Diplomatie russe en Afrique et en Asie – Point de situation au 13/10/23

Le 07 octobre, alors que le Hamas lançait une nouvelle attaque sur Israël, Sergueï Lavrov s’entretenait par téléphone avec Sameh Choukri, Ministre des Affaires étrangères égyptien. Les deux ministres ont échangé sur l’évolution du conflit israélo-palestinien, appelant ensemble à un arrêt des hostilités.
De plus, le surlendemain, Ahmed Aboul Gheit, secrétaire de la Ligue des Etats arabes, s’est rendu à Moscou afin de discuter des tensions montantes au Moyen-Orient et en Afrique. A l’issue de cette rencontre, les diplomates ont publié un communiqué de presse exigeant un cessez-le-feu au Soudan et en Israël, tout en appelant la communauté internationale à soutenir les processus de reconstruction étatique en Syrie et en Libye.
Le 12 octobre, une délégation russe a participé à une rencontre des Etats-membres de la CEI, à Bichkek. Selon le Ministère des Affaires étrangères russe, les diplomates ont approuvé la création d’une Organisation Internationale du Langage Russe, qui devrait viser à promouvoir le russe à l’échelle mondiale ; Moscou exercera la présidence de la Communauté en 2024. Toutefois, l’absence de l’Arménie, encore en froid avec la Russie, fut remarquée.
Le média pro-Occidental Radio Free Europe a rapporté qu’en parallèle de cette rencontre, Vladimir Poutine a rendu visite au gouvernement kirghiz. Des questions de coopération économique, scientifique mais aussi militaire ont été abordées ; la création d’un programme de défense aérienne commun entre Bichkek et le Kremlin est ainsi en bonne voie. En revanche, la coopération économique est un point qui inquiète les analystes occidentaux : la Russie est soupçonnée de vouloir utiliser le Kirghizistan comme d’un moyen de contourner les sanctions imposées à son égard, bien que Bichkek s’en défende.

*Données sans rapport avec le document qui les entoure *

definition xcc_fun :: "real \<Rightarrow> (nat \<Rightarrow> real^'n) \<Rightarrow> (nat \<Rightarrow> real) \<Rightarrow> (nat \<Rightarrow> real) \<Rightarrow> nat
    \<Rightarrow> (nat \<Rightarrow> real^'n) \<Rightarrow> (nat \<Rightarrow> real) \<Rightarrow> (nat \<Rightarrow> real) \<Rightarrow> nat \<Rightarrow> real^'n \<Rightarrow> real" where
  "xcc_fun xU acv alcv bcv k acc alcc bcc l p =
     Min ({xU}
          \<union> {aff_root (acv i) (alcv i) (bcv i) p | i. i \<in> {1..k} \<and> alcv i > 0}
          \<union> {aff_root (acc j) (alcc j) (bcc j) p | j. j \<in> {1..l} \<and> alcc j < 0})"

definition is_cv_subgrad :: "'a::real_inner set \<Rightarrow> ('a \<Rightarrow> real) \<Rightarrow> 'a \<Rightarrow> 'a \<Rightarrow> bool" where
  "is_cv_subgrad S phi p s \<longleftrightarrow> (\<forall>eta\<in>S. phi eta \<ge> phi p + s \<bullet> (eta - p))"

definition is_cc_subgrad :: "'a::real_inner set \<Rightarrow> ('a \<Rightarrow> real) \<Rightarrow> 'a \<Rightarrow> 'a \<Rightarrow> bool" where
  "is_cc_subgrad S phi p s \<longleftrightarrow> (\<forall>eta\<in>S. phi eta \<le> phi p + s \<bullet> (eta - p))"

end

theory Submission
  imports Defs
begin

text \<open>Both \<open>x\<^sup>c\<^sup>v\<close> and \<open>x\<^sup>c\<^sup>c\<close> are pointwise extrema of finitely many affine functions of \<open>p\<close>:
  the constant bound and the roots \<open>g\<^sub>i\<close>, \<open>\<gamma>\<^sub>j\<close>. A piece attaining the maximum (minimum) at \<open>p\<close>
  is an affine minorant (majorant) touching the function at \<open>p\<close>, so its gradient is a
  subgradient. This holds on all of \<open>P\<close>.\<close>

lemma is_cv_subgrad_of_affine_minorant:
  assumes "\<And>eta. eta \<in> S \<Longrightarrow> g eta \<le> phi eta"
    and "g p = phi p"
    and "\<And>eta. g eta = g p + s \<bullet> (eta - p)"
  shows "is_cv_subgrad S phi p s"
  unfolding is_cv_subgrad_def using assms by metis

lemma is_cc_subgrad_of_affine_majorant:
  assumes "\<And>eta. eta \<in> S \<Longrightarrow> phi eta \<le> g eta"
    and "g p = phi p"
    and "\<And>eta. g eta = g p + s \<bullet> (eta - p)"
  shows "is_cc_subgrad S phi p s"
  unfolding is_cc_subgrad_def using assms by metis

lemma aff_root_linearization:
  "aff_root a al b eta = aff_root a al b p + (- (1 / al) *\<^sub>R a) \<bullet> (eta - p)"
  unfolding aff_root_def by (simp add: inner_diff_right algebra_simps)

lemma finite_xcv_candidates:
  fixes k l :: nat
  shows "finite ({xL}
      \<union> {aff_root (acv i) (alcv i) (bcv i) p | i. i \<in> {1..k} \<and> alcv i < 0}
      \<union> {aff_root (acc j) (alcc j) (bcc j) p | j. j \<in> {1..l} \<and> alcc j > 0})"
  by (intro finite_UnI finite.insertI finite.emptyI finite_image_set finite_Collect_conjI disjI1)
    simp_all

lemma finite_xcc_candidates:
  fixes k l :: nat
  shows "finite ({xU}
      \<union> {aff_root (acv i) (alcv i) (bcv i) p | i. i \<in> {1..k} \<and> alcv i > 0}
      \<union> {aff_root (acc j) (alcc j) (bcc j) p | j. j \<in> {1..l} \<and> alcc j < 0})"
  by (intro finite_UnI finite.insertI finite.emptyI finite_image_set finite_Collect_conjI disjI1)
    simp_all

lemma xcv_fun_ge_lower:
  "xL \<le> xcv_fun xL acv alcv bcv k acc alcc bcc l eta"
  unfolding xcv_fun_def by (rule Max_ge[OF finite_xcv_candidates]) simp

lemma xcv_fun_ge_aff_root_cv:
  "i \<in> {1..k} \<Longrightarrow> alcv i < 0 \<Longrightarrow>
    aff_root (acv i) (alcv i) (bcv i) eta \<le> xcv_fun xL acv alcv bcv k acc alcc bcc l eta"
  unfolding xcv_fun_def by (rule Max_ge[OF finite_xcv_candidates]) blast

lemma xcv_fun_ge_aff_root_cc:
  "j \<in> {1..l} \<Longrightarrow> alcc j > 0 \<Longrightarrow>
    aff_root (acc j) (alcc j) (bcc j) eta \<le> xcv_fun xL acv alcv bcv k acc alcc bcc l eta"
  unfolding xcv_fun_def by (rule Max_ge[OF finite_xcv_candidates]) blast

lemma xcv_fun_cases:
  "xcv_fun xL acv alcv bcv k acc alcc bcc l p = xL
   \<or> (\<exists>i\<in>{1..k}. alcv i < 0 \<and>
        xcv_fun xL acv alcv bcv k acc alcc bcc l p = aff_root (acv i) (alcv i) (bcv i) p)
   \<or> (\<exists>j\<in>{1..l}. alcc j > 0 \<and>
        xcv_fun xL acv alcv bcv k acc alcc bcc l p = aff_root (acc j) (alcc j) (bcc j) p)"
  using Max_in[OF finite_xcv_candidates, of xL acv alcv bcv p k acc alcc bcc l]
  unfolding xcv_fun_def by blast

lemma xcc_fun_le_upper:
  "xcc_fun xU acv alcv bcv k acc alcc bcc l eta \<le> xU"
  unfolding xcc_fun_def by (rule Min_le[OF finite_xcc_candidates]) simp

lemma xcc_fun_le_aff_root_cv:
  "i \<in> {1..k} \<Longrightarrow> alcv i > 0 \<Longrightarrow>
    xcc_fun xU acv alcv bcv k acc alcc bcc l eta \<le> aff_root (acv i) (alcv i) (bcv i) eta"
  unfolding xcc_fun_def by (rule Min_le[OF finite_xcc_candidates]) blast

lemma xcc_fun_le_aff_root_cc:
  "j \<in> {1..l} \<Longrightarrow> alcc j < 0 \<Longrightarrow>
    xcc_fun xU acv alcv bcv k acc alcc bcc l eta \<le> aff_root (acc j) (alcc j) (bcc j) eta"
  unfolding xcc_fun_def by (rule Min_le[OF finite_xcc_candidates]) blast

lemma xcc_fun_cases:
  "xcc_fun xU acv alcv bcv k acc alcc bcc l p = xU
   \<or> (\<exists>j\<in>{1..l}. alcc j < 0 \<and>
        xcc_fun xU acv alcv bcv k acc alcc bcc l p = aff_root (acc j) (alcc j) (bcc j) p)
   \<or> (\<exists>i\<in>{1..k}. alcv i > 0 \<and>
        xcc_fun xU acv alcv bcv k acc alcc bcc l p = aff_root (acv i) (alcv i) (bcv i) p)"
  using Min_in[OF finite_xcc_candidates, of xU acv alcv bcv p k acc alcc bcc l]
  unfolding xcc_fun_def by blast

Enfin, tout au long de la semaine, Sergueï Lavrov s’est entretenu avec ses homologues iranien, omanais et irakien, toujours sur la question palestinienne, qui reste la principale priorité du Kremlin à l’heure actuelle. L’agence Associated Press mettait en exergue la position difficile de la Russie dans le conflit ; en effet, cette dernière entretient des liens cordiaux avec Tel Aviv, mais cherche à approfondir ses alliances avec les voisins d’Israël, dont la Palestine. La Russie essaie donc d’adopter une posture modérée en condamnant les exactions commises par les deux parties, tout en se présentant comme un potentiel médiateur des hostilités, afin d’accroître son prestige international.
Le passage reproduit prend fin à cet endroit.